▸ **Requirement**: Please output every record exactly, keeping each line as it is.

[Dataset entries]
'''
lemma kron_carrier: "A \<in> carrier_mat n n \<Longrightarrow> B \<in> carrier_mat k k \<Longrightarrow> kron A B \<in> carrier_mat (n*k) (n*k)"
  unfolding carrier_mat_def by simp

lemma diagm_carrier[simp]: "diagm k p \<in> carrier_mat k k"
  by (simp add: diagm_def)

lemma dim_diagm[simp]: "dim_row (diagm k p) = k" "dim_col (diagm k p) = k"
  by (simp_all add: diagm_def)

lemma index_diagm[simp]: "i < k \<Longrightarrow> j < k \<Longrightarrow> diagm k p $$ (i,j) = (if i = j then complex_of_real (p i) else 0)"
  by (simp add: diagm_def)

lemma kron_one1: assumes B: "B \<in> carrier_mat k k" shows "kron (1\<^sub>m 1) B = B"
proof (rule eq_matI)
  fix r s assume "r < dim_row B" "s < dim_col B"
  thus "kron (1\<^sub>m 1) B $$ (r,s) = B $$ (r,s)" using B by (simp add: index_kron)
qed (use B in auto)

lemma kron_1x1: assumes X: "X \<in> carrier_mat 1 1" and B: "B \<in> carrier_mat k k" shows "kron X B = X $$ (0,0) \<cdot>\<^sub>m B"
proof (rule eq_matI)
  fix r s assume "r < dim_row (X $$ (0,0) \<cdot>\<^sub>m B)" "s < dim_col (X $$ (0,0) \<cdot>\<^sub>m B)"
  thus "kron X B $$ (r,s) = (X $$ (0,0) \<cdot>\<^sub>m B) $$ (r,s)" using X B by (simp add: index_kron)
qed (use X B in auto)

lemma kron_diag1: assumes X: "X \<in> carrier_mat n n" shows "kron X (diagm 1 (\<lambda>_. c)) = complex_of_real c \<cdot>\<^sub>m X"
proof (rule eq_matI)
  fix r s assume "r < dim_row (complex_of_real c \<cdot>\<^sub>m X)" "s < dim_col (complex_of_real c \<cdot>\<^sub>m X)"
  thus "kron X (diagm 1 (\<lambda>_. c)) $$ (r,s) = (complex_of_real c \<cdot>\<^sub>m X) $$ (r,s)" using X by (simp add: index_kron mult.commute)
qed (use X in auto)

lemma kron_diag_scale: "kron X (diagm k (\<lambda>y. t * \<delta> y)) = complex_of_real t \<cdot>\<^sub>m kron X (diagm k \<delta>)"
proof (rule eq_matI)
  fix r s assume rs: "r < dim_row (complex_of_real t \<cdot>\<^sub>m kron X (diagm k \<delta>))" "s < dim_col (complex_of_real t \<cdot>\<^sub>m kron X (diagm k \<delta>))"
  hence "r mod k < k" "s mod k < k" by (auto simp: mod_lt_mult)
  thus "kron X (diagm k (\<lambda>y. t * \<delta> y)) $$ (r,s) = (complex_of_real t \<cdot>\<^sub>m kron X (diagm k \<delta>)) $$ (r,s)"
    using rs by (simp add: index_kron)
qed simp_all

definition quad_form :: "nat \<Rightarrow> complex mat \<Rightarrow> complex vec \<Rightarrow> complex" where
  "quad_form n A v = (\<Sum>i<n. \<Sum>j<n. cnj (v $ i) * A $$ (i, j) * v $ j)"

lemma psd_quad_form: "psd n A \<longleftrightarrow> A \<in> carrier_mat n n \<and> (\<forall>v \<in> carrier_vec n. Im (quad_form n A v) = 0 \<and> Re (quad_form n A v) \<ge> 0)"
  unfolding psd_def quad_form_def Let_def by simp

lemma psd_diag: assumes A: "psd k A" and y: "y < k" shows "Im (A $$ (y,y)) = 0" "Re (A $$ (y,y)) \<ge> 0"
proof -
  have "quad_form k A (unit_vec k y) = (\<Sum>i<k. \<Sum>j<k. if i = y \<and> j = y then A $$ (i,j) else 0)"
    unfolding quad_form_def using y by (intro sum.cong refl) auto
  also have "\<dots> = A $$ (y,y)"
  proof -
    have "(\<Sum>i<k. \<Sum>j<k. if i = y \<and> j = y then A $$ (i,j) else 0) = (\<Sum>i<k. if i = y then A $$ (i,y) else 0)"
      using y by (intro sum.cong refl) (auto simp: if_distrib cong: if_cong)
    thus ?thesis using y by simp
  qed
  finally have e: "quad_form k A (unit_vec k y) = A $$ (y,y)" .
  show "Im (A $$ (y,y)) = 0" "Re (A $$ (y,y)) \<ge> 0" using A unfolding psd_quad_form e[symmetric] by auto
qed

definition diag_unit :: "nat \<Rightarrow> nat \<Rightarrow> complex mat" where
  "diag_unit k y = diagm k (\<lambda>z. if z = y then 1 else 0)"

lemma diag_unit_carrier[simp]: "diag_unit k y \<in> carrier_mat k k" by (simp add: diag_unit_def)

lemma psd_diag_unit: assumes "y < k" shows "psd k (diag_unit k y)"
  unfolding psd_quad_form
proof (intro conjI ballI)
  fix v :: "complex vec" assume v: "v \<in> carrier_vec k"
  have "quad_form k (diag_unit k y) v = (\<Sum>i<k. \<Sum>j<k. if i = y \<and> j = y then cnj (v $ i) * v $ j else 0)"
    unfolding quad_form_def diag_unit_def by (intro sum.cong refl) auto
  also have "\<dots> = cnj (v $ y) * v $ y"
  proof -
    have "(\<Sum>i<k. \<Sum>j<k. if i = y \<and> j = y then cnj (v $ i) * v $ j else 0) = (\<Sum>i<k. if i = y then cnj (v $ i) * v $ y else 0)"
      using assms by (intro sum.cong refl) (auto simp: if_distrib cong: if_cong)
    thus ?thesis using assms by simp
  qed
  finally have e: "quad_form k (diag_unit k y) v = cnj (v $ y) * v $ y" .
  show "Im (quad_form k (diag_unit k y) v) = 0" unfolding e by simp
  show "Re (quad_form k (diag_unit k y) v) \<ge> 0" unfolding e by simp
qed simp

lemma lin_carrier: "lin_map n m f \<Longrightarrow> f X \<in> carrier_mat m m"
  unfolding lin_map_def by (cases "X \<in> carrier_mat n n") auto

lemma lin_dim: "lin_map n m f \<Longrightarrow> dim_row (f X) = m" "lin_map n m f \<Longrightarrow> dim_col (f X) = m"
  using lin_carrier[of n m f X] by auto

lemma lin_smult: "lin_map n m f \<Longrightarrow> X \<in> carrier_mat n n \<Longrightarrow> f (c \<cdot>\<^sub>m X) = c \<cdot>\<^sub>m f X"
  unfolding lin_map_def by auto

lemma lin_add: "lin_map n m f \<Longrightarrow> X \<in> carrier_mat n n \<Longrightarrow> Y \<in> carrier_mat n n \<Longrightarrow> f (X + Y) = f X + f Y"
  unfolding lin_map_def by auto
'''
▸ **Solution to the exercise**:
lemma kron_carrier: "A \<in> carrier_mat n n \<Longrightarrow> B \<in> carrier_mat k k \<Longrightarrow> kron A B \<in> carrier_mat (n*k) (n*k)"
  unfolding carrier_mat_def by simp

lemma diagm_carrier[simp]: "diagm k p \<in> carrier_mat k k"
  by (simp add: diagm_def)

lemma dim_diagm[simp]: "dim_row (diagm k p) = k" "dim_col (diagm k p) = k"
  by (simp_all add: diagm_def)

lemma index_diagm[simp]: "i < k \<Longrightarrow> j < k \<Longrightarrow> diagm k p $$ (i,j) = (if i = j then complex_of_real (p i) else 0)"
  by (simp add: diagm_def)

lemma kron_one1: assumes B: "B \<in> carrier_mat k k" shows "kron (1\<^sub>m 1) B = B"
proof (rule eq_matI)
  fix r s assume "r < dim_row B" "s < dim_col B"
  thus "kron (1\<^sub>m 1) B $$ (r,s) = B $$ (r,s)" using B by (simp add: index_kron)
qed (use B in auto)

lemma kron_1x1: assumes X: "X \<in> carrier_mat 1 1" and B: "B \<in> carrier_mat k k" shows "kron X B = X $$ (0,0) \<cdot>\<^sub>m B"
proof (rule eq_matI)
  fix r s assume "r < dim_row (X $$ (0,0) \<cdot>\<^sub>m B)" "s < dim_col (X $$ (0,0) \<cdot>\<^sub>m B)"
  thus "kron X B $$ (r,s) = (X $$ (0,0) \<cdot>\<^sub>m B) $$ (r,s)" using X B by (simp add: index_kron)
qed (use X B in auto)

lemma kron_diag1: assumes X: "X \<in> carrier_mat n n" shows "kron X (diagm 1 (\<lambda>_. c)) = complex_of_real c \<cdot>\<^sub>m X"
proof (rule eq_matI)
  fix r s assume "r < dim_row (complex_of_real c \<cdot>\<^sub>m X)" "s < dim_col (complex_of_real c \<cdot>\<^sub>m X)"
  thus "kron X (diagm 1 (\<lambda>_. c)) $$ (r,s) = (complex_of_real c \<cdot>\<^sub>m X) $$ (r,s)" using X by (simp add: index_kron mult.commute)
qed (use X in auto)

lemma kron_diag_scale: "kron X (diagm k (\<lambda>y. t * \<delta> y)) = complex_of_real t \<cdot>\<^sub>m kron X (diagm k \<delta>)"
proof (rule eq_matI)
  fix r s assume rs: "r < dim_row (complex_of_real t \<cdot>\<^sub>m kron X (diagm k \<delta>))" "s < dim_col (complex_of_real t \<cdot>\<^sub>m kron X (diagm k \<delta>))"
  hence "r mod k < k" "s mod k < k" by (auto simp: mod_lt_mult)
  thus "kron X (diagm k (\<lambda>y. t * \<delta> y)) $$ (r,s) = (complex_of_real t \<cdot>\<^sub>m kron X (diagm k \<delta>)) $$ (r,s)"
    using rs by (simp add: index_kron)
qed simp_all

definition quad_form :: "nat \<Rightarrow> complex mat \<Rightarrow> complex vec \<Rightarrow> complex" where
  "quad_form n A v = (\<Sum>i<n. \<Sum>j<n. cnj (v $ i) * A $$ (i, j) * v $ j)"

lemma psd_quad_form: "psd n A \<longleftrightarrow> A \<in> carrier_mat n n \<and> (\<forall>v \<in> carrier_vec n. Im (quad_form n A v) = 0 \<and> Re (quad_form n A v) \<ge> 0)"
  unfolding psd_def quad_form_def Let_def by simp

lemma psd_diag: assumes A: "psd k A" and y: "y < k" shows "Im (A $$ (y,y)) = 0" "Re (A $$ (y,y)) \<ge> 0"
proof -
  have "quad_form k A (unit_vec k y) = (\<Sum>i<k. \<Sum>j<k. if i = y \<and> j = y then A $$ (i,j) else 0)"
    unfolding quad_form_def using y by (intro sum.cong refl) auto
  also have "\<dots> = A $$ (y,y)"
  proof -
    have "(\<Sum>i<k. \<Sum>j<k. if i = y \<and> j = y then A $$ (i,j) else 0) = (\<Sum>i<k. if i = y then A $$ (i,y) else 0)"
      using y by (intro sum.cong refl) (auto simp: if_distrib cong: if_cong)
    thus ?thesis using y by simp
  qed
  finally have e: "quad_form k A (unit_vec k y) = A $$ (y,y)" .
  show "Im (A $$ (y,y)) = 0" "Re (A $$ (y,y)) \<ge> 0" using A unfolding psd_quad_form e[symmetric] by auto
qed

definition diag_unit :: "nat \<Rightarrow> nat \<Rightarrow> complex mat" where
  "diag_unit k y = diagm k (\<lambda>z. if z = y then 1 else 0)"

lemma diag_unit_carrier[simp]: "diag_unit k y \<in> carrier_mat k k" by (simp add: diag_unit_def)

lemma psd_diag_unit: assumes "y < k" shows "psd k (diag_unit k y)"
  unfolding psd_quad_form
proof (intro conjI ballI)
  fix v :: "complex vec" assume v: "v \<in> carrier_vec k"
  have "quad_form k (diag_unit k y) v = (\<Sum>i<k. \<Sum>j<k. if i = y \<and> j = y then cnj (v $ i) * v $ j else 0)"
    unfolding quad_form_def diag_unit_def by (intro sum.cong refl) auto
  also have "\<dots> = cnj (v $ y) * v $ y"
  proof -
    have "(\<Sum>i<k. \<Sum>j<k. if i = y \<and> j = y then cnj (v $ i) * v $ j else 0) = (\<Sum>i<k. if i = y then cnj (v $ i) * v $ y else 0)"
      using assms by (intro sum.cong refl) (auto simp: if_distrib cong: if_cong)
    thus ?thesis using assms by simp
  qed
  finally have e: "quad_form k (diag_unit k y) v = cnj (v $ y) * v $ y" .
  show "Im (quad_form k (diag_unit k y) v) = 0" unfolding e by simp
  show "Re (quad_form k (diag_unit k y) v) \<ge> 0" unfolding e by simp
qed simp

lemma lin_carrier: "lin_map n m f \<Longrightarrow> f X \<in> carrier_mat m m"
  unfolding lin_map_def by (cases "X \<in> carrier_mat n n") auto

lemma lin_dim: "lin_map n m f \<Longrightarrow> dim_row (f X) = m" "lin_map n m f \<Longrightarrow> dim_col (f X) = m"
  using lin_carrier[of n m f X] by auto

lemma lin_smult: "lin_map n m f \<Longrightarrow> X \<in> carrier_mat n n \<Longrightarrow> f (c \<cdot>\<^sub>m X) = c \<cdot>\<^sub>m f X"
  unfolding lin_map_def by auto

lemma lin_add: "lin_map n m f \<Longrightarrow> X \<in> carrier_mat n n \<Longrightarrow> Y \<in> carrier_mat n n \<Longrightarrow> f (X + Y) = f X + f Y"
  unfolding lin_map_def by auto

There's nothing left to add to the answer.